▶ **Task to complete**:
Could you copy every line of the data that contains the word "assumes"?

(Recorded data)
(* Let $\Theta=\{\Theta_\omega\in B(\mathcal H,\mathcal K_\omega):\omega\in\Omega\}$ be a continuous $g$-frame for $\mathcal H$ with dual $\Lambda=\{\Lambda_\omega\in B(\mathcal H,\mathcal K_\omega):\omega\in\Omega\}$, and let $\Phi=\{\Phi_\omega\in B(\mathcal K,\mathcal K_\omega):\omega\in\Omega\}$ be a continuous $g$-frame for $\mathcal K$ with dual $\Psi=\{\Psi_\omega\in B(\mathcal K,\mathcal K_\omega):\omega\in\Omega\}$. Suppose $\Lambda$ and $\Phi$ are strongly disjoint, and $\Theta$ and $\Psi$ are strongly disjoint. Define $\Gamma_\omega,\Delta_\omega\in B(\mathcal H\oplus\mathcal K,\mathcal K_\omega)$ by $\Gamma_\omega(h\oplus k)=\Lambda_\omega h+\Psi_\omega k$ and $\Delta_\omega(h\oplus k)=\Theta_\omega h+\Phi_\omega k$. Then $\Gamma=\{\Gamma_\omega\}$ and $\Delta=\{\Delta_\omega\}$ are dual continuous $g$-frames for $\mathcal H\oplus\mathcal K$.
   Context: $\mathcal H,\mathcal K$ are complex Hilbert spaces, $(\Omega,\mu)$ a measure space with positive measure $\mu$, and $\{\mathcal K_\omega:\omega\in\Omega\}$ a family of complex Hilbert spaces. A map $F$ on $\Omega$ with $F(\omega)\in\mathcal K_\omega$ is strongly measurable if it is measurable as a map $\Omega\to\bigoplus_\omega\mathcal K_\omega$; $\widehat{\mathcal K}$ is the Hilbert space of strongly measurable such $F$ with $\int_\Omega\|F(\omega)\|^2d\mu<\infty$, inner product $\langle F,G\rangle=\int_\Omega\langle F(\omega),G(\omega)\rangle d\mu$. For a Hilbert space $\mathcal V$, a family $\Lambda=\{\Lambda_\omega\in B(\mathcal V,\mathcal K_\omega)\}$ is a continuous $g$-frame for $\mathcal V$ if $\omega\mapsto\Lambda_\omega f$ is strongly measurable for each $f$ and there are $0<A\le B<\infty$ with $A\|f\|^2\le\int_\Omega\|\Lambda_\omega f\|^2d\mu(\omega)\le B\|f\|^2$ for all $f\in\mathcal V$. Its analysis operator $T_\Lambda^*:\mathcal V\to\widehat{\mathcal K}$ is $(T_\Lambda^*f)(\omega)=\Lambda_\omega f$. Two continuous $g$-frames $\Lambda,\Theta$ (possibly on different spaces, same $\{\mathcal K_\omega\}$) are strongly disjoint if $\mathrm{Range}\,T_\Lambda^*\perp\mathrm{Range}\,T_\Theta^*$ in $\widehat{\mathcal K}$. Continuous $g$-frames $\Lambda,\Theta$ for $\mathcal V$ are dual (i.e. $\Theta$ is a dual of $\Lambda$) if $\langle f,g\rangle=\int_\Omega\langle f,\Theta_\omega^*\Lambda_\omega g\rangle d\mu(\omega)$ for all $f,g\in\mathcal V$. *)

theory Defs
  imports "HOL-Analysis.Analysis"
begin

text \<open>The distribution has no complex vector spaces, so we introduce them.
  Convention: the inner product is linear in the first argument and
  conjugate-linear in the second.\<close>

class complex_vector = real_vector +
  fixes scaleC :: "complex \<Rightarrow> 'a \<Rightarrow> 'a" (infixr \<open>*\<^sub>C\<close> 75)
  assumes scaleC_add_right: "a *\<^sub>C (x + y) = a *\<^sub>C x + a *\<^sub>C y"
    and scaleC_add_left: "(a + b) *\<^sub>C x = a *\<^sub>C x + b *\<^sub>C x"
    and scaleC_scaleC: "a *\<^sub>C (b *\<^sub>C x) = (a * b) *\<^sub>C x"
    and scaleC_one: "1 *\<^sub>C x = x"
    and scaleC_of_real: "complex_of_real r *\<^sub>C x = r *\<^sub>R x"

class complex_inner = complex_vector + real_normed_vector +
  fixes cinner :: "'a \<Rightarrow> 'a \<Rightarrow> complex"
  assumes cinner_commute: "cinner x y = cnj (cinner y x)"
    and cinner_add_left: "cinner (x + y) z = cinner x z + cinner y z"
    and cinner_scaleC_left: "cinner (r *\<^sub>C x) y = r * cinner x y"
    and cinner_ge_zero: "0 \<le> Re (cinner x x)"
    and cinner_eq_zero_iff: "cinner x x = 0 \<longleftrightarrow> x = 0"
    and norm_eq_sqrt_cinner: "norm x = sqrt (Re (cinner x x))"

class chilbert_space = complex_inner + complete_space

instantiation prod :: (complex_vector, complex_vector) complex_vector
begin
definition scaleC_prod_def: "c *\<^sub>C x = (c *\<^sub>C fst x, c *\<^sub>C snd x)"
instance
  by standard (auto simp: scaleC_prod_def scaleC_add_right scaleC_add_left scaleC_scaleC
      scaleC_one scaleC_of_real prod_eq_iff)
end

instantiation prod :: (complex_inner, complex_inner) complex_inner
begin
definition cinner_prod_def: "cinner x y = cinner (fst x) (fst y) + cinner (snd x) (snd y)"
instance
proof
  fix x y z :: "'a \<times> 'b" and r :: complex
  show "cinner x y = cnj (cinner y x)"
    by (simp add: cinner_prod_def cinner_commute[of "fst x"] cinner_commute[of "snd x"])
  show "cinner (x + y) z = cinner x z + cinner y z"
    by (simp add: cinner_prod_def cinner_add_left)
  show "cinner (r *\<^sub>C x) y = r * cinner x y"
    by (simp add: cinner_prod_def scaleC_prod_def cinner_scaleC_left algebra_simps)
  show "0 \<le> Re (cinner x x)"
    using cinner_ge_zero[of "fst x"] cinner_ge_zero[of "snd x"] by (simp add: cinner_prod_def)
  have a: "Re (cinner (fst x) (fst x)) = (norm (fst x))\<^sup>2"
    using cinner_ge_zero[of "fst x"] by (simp add: norm_eq_sqrt_cinner)
  have b: "Re (cinner (snd x) (snd x)) = (norm (snd x))\<^sup>2"
    using cinner_ge_zero[of "snd x"] by (simp add: norm_eq_sqrt_cinner)
  show "norm x = sqrt (Re (cinner x x))"
    by (simp add: cinner_prod_def norm_prod_def a b)
  have ia: "Im (cinner (fst x) (fst x)) = 0"
    using cinner_commute[of "fst x" "fst x"] by (metis cnj.sel(2) neg_equal_zero)
  have ib: "Im (cinner (snd x) (snd x)) = 0"
    using cinner_commute[of "snd x" "snd x"] by (metis cnj.sel(2) neg_equal_zero)
  show "cinner x x = 0 \<longleftrightarrow> x = 0"
  proof
    assume "cinner x x = 0"
    then have "Re (cinner (fst x) (fst x)) + Re (cinner (snd x) (snd x)) = 0"
      by (metis cinner_prod_def plus_complex.sel(1) zero_complex.sel(1))
    then have "Re (cinner (fst x) (fst x)) = 0 \<and> Re (cinner (snd x) (snd x)) = 0"
      using cinner_ge_zero[of "fst x"] cinner_ge_zero[of "snd x"] by linarith
    then have "cinner (fst x) (fst x) = 0 \<and> cinner (snd x) (snd x) = 0"
      using ia ib complex_eqI by auto
    then show "x = 0" by (simp add: cinner_eq_zero_iff prod_eq_iff)
  next
    assume "x = 0"
    then show "cinner x x = 0"
      using cinner_eq_zero_iff[of "0::'a"] cinner_eq_zero_iff[of "0::'b"]
      by (simp add: cinner_prod_def)
  qed
qed
end

instance prod :: (chilbert_space, chilbert_space) chilbert_space ..

definition bounded_clinear :: "('a::complex_inner \<Rightarrow> 'b::complex_inner) \<Rightarrow> bool" where
  "bounded_clinear T \<longleftrightarrow>
     (bounded_linear T \<and> (\<forall>c x. T (c *\<^sub>C x) = c *\<^sub>C T x))"

definition closed_csubspace :: "'a::complex_inner set \<Rightarrow> bool" where
  "closed_csubspace S \<longleftrightarrow> closed S \<and> 0 \<in> S \<and> (\<forall>x\<in>S. \<forall>y\<in>S. x + y \<in> S)
     \<and> (\<forall>c. \<forall>x\<in>S. c *\<^sub>C x \<in> S)"

text \<open>Strong (Bochner) measurability, in Pettis form: Borel measurable and
  separably valued.\<close>
definition strongly_measurable :: "'w measure \<Rightarrow> ('w \<Rightarrow> 'k::complex_inner) \<Rightarrow> bool" where
  "strongly_measurable M F \<longleftrightarrow>
     F \<in> borel_measurable M \<and> (\<exists>D. countable D \<and> F ` space M \<subseteq> closure D)"

text \<open>The family of spaces K \<omega> is modelled by closed subspaces of one
  ambient Hilbert space 'k. cg_frame M K \<Lambda>: \<Lambda> is a
  continuous g-frame for the whole space 'v w.r.t. {K \<omega>}.\<close>
definition cg_frame ::
  "'w measure \<Rightarrow> ('w \<Rightarrow> 'k::chilbert_space set) \<Rightarrow> ('w \<Rightarrow> 'v::chilbert_space \<Rightarrow> 'k) \<Rightarrow> bool" where
  "cg_frame M K \<Lambda> \<longleftrightarrow>
     (\<forall>\<omega>\<in>space M. bounded_clinear (\<Lambda> \<omega>) \<and> range (\<Lambda> \<omega>) \<subseteq> K \<omega>) \<and>
     (\<forall>f. strongly_measurable M (\<lambda>\<omega>. \<Lambda> \<omega> f)) \<and>
     (\<exists>A B. 0 < A \<and> A \<le> B \<and>
        (\<forall>f. ennreal (A * (norm f)\<^sup>2) \<le> (\<integral>\<^sup>+\<omega>. ennreal ((norm (\<Lambda> \<omega> f))\<^sup>2) \<partial>M) \<and>
             (\<integral>\<^sup>+\<omega>. ennreal ((norm (\<Lambda> \<omega> f))\<^sup>2) \<partial>M) \<le> ennreal (B * (norm f)\<^sup>2)))"

text \<open>Range of the analysis operator of \<Lambda> is orthogonal in the space of
  square integrable sections to the range of that of \<Theta>.\<close>
definition strongly_disjoint ::
  "'w measure \<Rightarrow> ('w \<Rightarrow> 'k::chilbert_space set) \<Rightarrow> ('w \<Rightarrow> 'v::chilbert_space \<Rightarrow> 'k)
     \<Rightarrow> ('w \<Rightarrow> 'u::chilbert_space \<Rightarrow> 'k) \<Rightarrow> bool" where
  "strongly_disjoint M K \<Lambda> \<Theta> \<longleftrightarrow> cg_frame M K \<Lambda> \<and> cg_frame M K \<Theta> \<and>
     (\<forall>f g. (\<integral>\<omega>. cinner (\<Lambda> \<omega> f) (\<Theta> \<omega> g) \<partial>M) = 0)"

definition cg_dual_of ::
  "'w measure \<Rightarrow> ('w \<Rightarrow> 'k::chilbert_space set) \<Rightarrow> ('w \<Rightarrow> 'v::chilbert_space \<Rightarrow> 'k)
     \<Rightarrow> ('w \<Rightarrow> 'v \<Rightarrow> 'k) \<Rightarrow> bool" where
  "cg_dual_of M K \<Theta> \<Lambda> \<longleftrightarrow> cg_frame M K \<Theta> \<and> cg_frame M K \<Lambda> \<and>
     (\<forall>f g. cinner f g = (\<integral>\<omega>. cinner (\<Theta> \<omega> f) (\<Lambda> \<omega> g) \<partial>M))"

end

theory Submission
  imports Defs
begin

text \<open>Expanding \<open>\<langle>\<Gamma>\<^sub>\<omega> p, \<Delta>\<^sub>\<omega> q\<rangle>\<close> gives four terms: the two duality relations
  integrate the diagonal ones to \<open>\<langle>fst p, fst q\<rangle> + \<langle>snd p, snd q\<rangle> = \<langle>p, q\<rangle>\<close>, and strong
  disjointness makes the cross terms integrate to zero, so \<open>\<Gamma>\<close> and \<open>\<Delta>\<close> are dual.
  Both inherit upper frame bounds from their summands. Lower bounds come from duality
  alone: \<open>\<parallel>p\<parallel>\<^sup>2 = \<integral>\<langle>\<Gamma>\<^sub>\<omega> p, \<Delta>\<^sub>\<omega> p\<rangle> \<le> \<integral>\<parallel>\<Gamma>\<^sub>\<omega> p\<parallel> \<parallel>\<Delta>\<^sub>\<omega> p\<parallel>\<close>, and AM-GM weighted by the
  upper bound \<open>B\<close> of one family bounds the other one below by \<open>\<parallel>p\<parallel>\<^sup>2 / B\<close>.\<close>

lemma cinner_zero_left [simp]: "cinner 0 (y::'a::complex_inner) = 0"
  using cinner_add_left[of "0::'a" 0 y] by simp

▶ **Task answer**:
  assumes scaleC_add_right: "a *\<^sub>C (x + y) = a *\<^sub>C x + a *\<^sub>C y"
  assumes cinner_commute: "cinner x y = cnj (cinner y x)"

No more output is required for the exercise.